= PROBLEM DETAILS =
What is needed is a single figure: how many lines of the records below contain the word "imports".

Stored data entries:

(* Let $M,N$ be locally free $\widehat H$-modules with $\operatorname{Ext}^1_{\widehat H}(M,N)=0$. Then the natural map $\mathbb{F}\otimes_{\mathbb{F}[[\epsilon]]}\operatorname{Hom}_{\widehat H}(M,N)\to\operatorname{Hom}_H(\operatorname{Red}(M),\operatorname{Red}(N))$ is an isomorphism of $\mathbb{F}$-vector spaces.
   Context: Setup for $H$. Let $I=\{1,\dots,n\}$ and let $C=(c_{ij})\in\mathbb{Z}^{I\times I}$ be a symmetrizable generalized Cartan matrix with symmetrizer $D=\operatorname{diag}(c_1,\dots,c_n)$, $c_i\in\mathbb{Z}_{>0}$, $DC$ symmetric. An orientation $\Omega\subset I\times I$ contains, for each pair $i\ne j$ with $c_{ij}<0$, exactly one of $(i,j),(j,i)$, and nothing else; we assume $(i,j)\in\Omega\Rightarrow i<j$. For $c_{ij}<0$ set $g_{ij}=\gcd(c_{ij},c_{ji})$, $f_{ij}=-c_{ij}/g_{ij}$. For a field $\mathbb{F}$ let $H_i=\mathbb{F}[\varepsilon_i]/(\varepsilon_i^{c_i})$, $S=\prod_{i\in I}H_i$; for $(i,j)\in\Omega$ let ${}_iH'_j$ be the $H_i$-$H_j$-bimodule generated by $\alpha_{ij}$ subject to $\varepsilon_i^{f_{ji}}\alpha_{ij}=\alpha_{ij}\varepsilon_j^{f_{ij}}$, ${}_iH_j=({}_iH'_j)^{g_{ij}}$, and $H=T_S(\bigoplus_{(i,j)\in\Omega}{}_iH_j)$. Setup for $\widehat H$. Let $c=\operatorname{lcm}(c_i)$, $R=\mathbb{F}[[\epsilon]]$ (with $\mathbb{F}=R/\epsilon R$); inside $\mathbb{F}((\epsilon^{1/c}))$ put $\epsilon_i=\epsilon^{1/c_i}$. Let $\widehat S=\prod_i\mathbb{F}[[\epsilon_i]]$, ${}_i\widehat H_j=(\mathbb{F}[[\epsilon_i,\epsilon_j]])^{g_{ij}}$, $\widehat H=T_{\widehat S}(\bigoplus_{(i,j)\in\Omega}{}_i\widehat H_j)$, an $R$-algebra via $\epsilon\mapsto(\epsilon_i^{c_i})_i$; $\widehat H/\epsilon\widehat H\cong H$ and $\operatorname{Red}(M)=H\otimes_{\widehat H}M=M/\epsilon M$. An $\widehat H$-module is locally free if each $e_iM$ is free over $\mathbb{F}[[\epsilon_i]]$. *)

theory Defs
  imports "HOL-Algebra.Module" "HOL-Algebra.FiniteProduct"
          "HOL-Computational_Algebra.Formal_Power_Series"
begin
* * *
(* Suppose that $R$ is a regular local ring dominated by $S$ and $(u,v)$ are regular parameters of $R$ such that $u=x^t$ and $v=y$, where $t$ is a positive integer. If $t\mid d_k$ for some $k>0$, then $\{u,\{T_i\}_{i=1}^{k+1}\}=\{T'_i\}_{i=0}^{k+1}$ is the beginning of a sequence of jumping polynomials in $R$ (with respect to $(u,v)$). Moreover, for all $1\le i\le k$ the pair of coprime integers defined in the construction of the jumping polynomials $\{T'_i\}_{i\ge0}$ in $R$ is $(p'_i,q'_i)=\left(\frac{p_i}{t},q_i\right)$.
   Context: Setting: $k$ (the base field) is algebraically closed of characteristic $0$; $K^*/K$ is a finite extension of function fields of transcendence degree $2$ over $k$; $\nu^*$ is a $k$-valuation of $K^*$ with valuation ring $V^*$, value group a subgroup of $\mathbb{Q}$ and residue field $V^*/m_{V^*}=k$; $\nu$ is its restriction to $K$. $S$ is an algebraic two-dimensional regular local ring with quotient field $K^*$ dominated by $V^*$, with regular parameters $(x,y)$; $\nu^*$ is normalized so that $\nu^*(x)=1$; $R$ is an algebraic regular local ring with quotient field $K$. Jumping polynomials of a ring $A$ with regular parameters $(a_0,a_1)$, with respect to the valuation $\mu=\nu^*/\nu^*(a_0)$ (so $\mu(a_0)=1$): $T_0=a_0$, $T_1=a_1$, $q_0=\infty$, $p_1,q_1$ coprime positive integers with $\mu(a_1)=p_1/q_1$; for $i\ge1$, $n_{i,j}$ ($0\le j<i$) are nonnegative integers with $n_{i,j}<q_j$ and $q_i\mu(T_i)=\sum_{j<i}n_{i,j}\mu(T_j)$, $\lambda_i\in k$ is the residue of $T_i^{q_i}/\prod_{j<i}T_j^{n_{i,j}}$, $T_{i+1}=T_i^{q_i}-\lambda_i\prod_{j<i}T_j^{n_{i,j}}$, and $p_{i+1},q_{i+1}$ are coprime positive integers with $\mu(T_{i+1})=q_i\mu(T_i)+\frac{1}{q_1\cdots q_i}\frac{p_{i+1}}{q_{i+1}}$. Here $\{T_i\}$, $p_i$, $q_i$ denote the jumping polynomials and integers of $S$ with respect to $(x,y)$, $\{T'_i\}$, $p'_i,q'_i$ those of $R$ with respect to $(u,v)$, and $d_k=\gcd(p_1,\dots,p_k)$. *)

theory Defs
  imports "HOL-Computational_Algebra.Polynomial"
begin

= SOLUTION BELOW =
2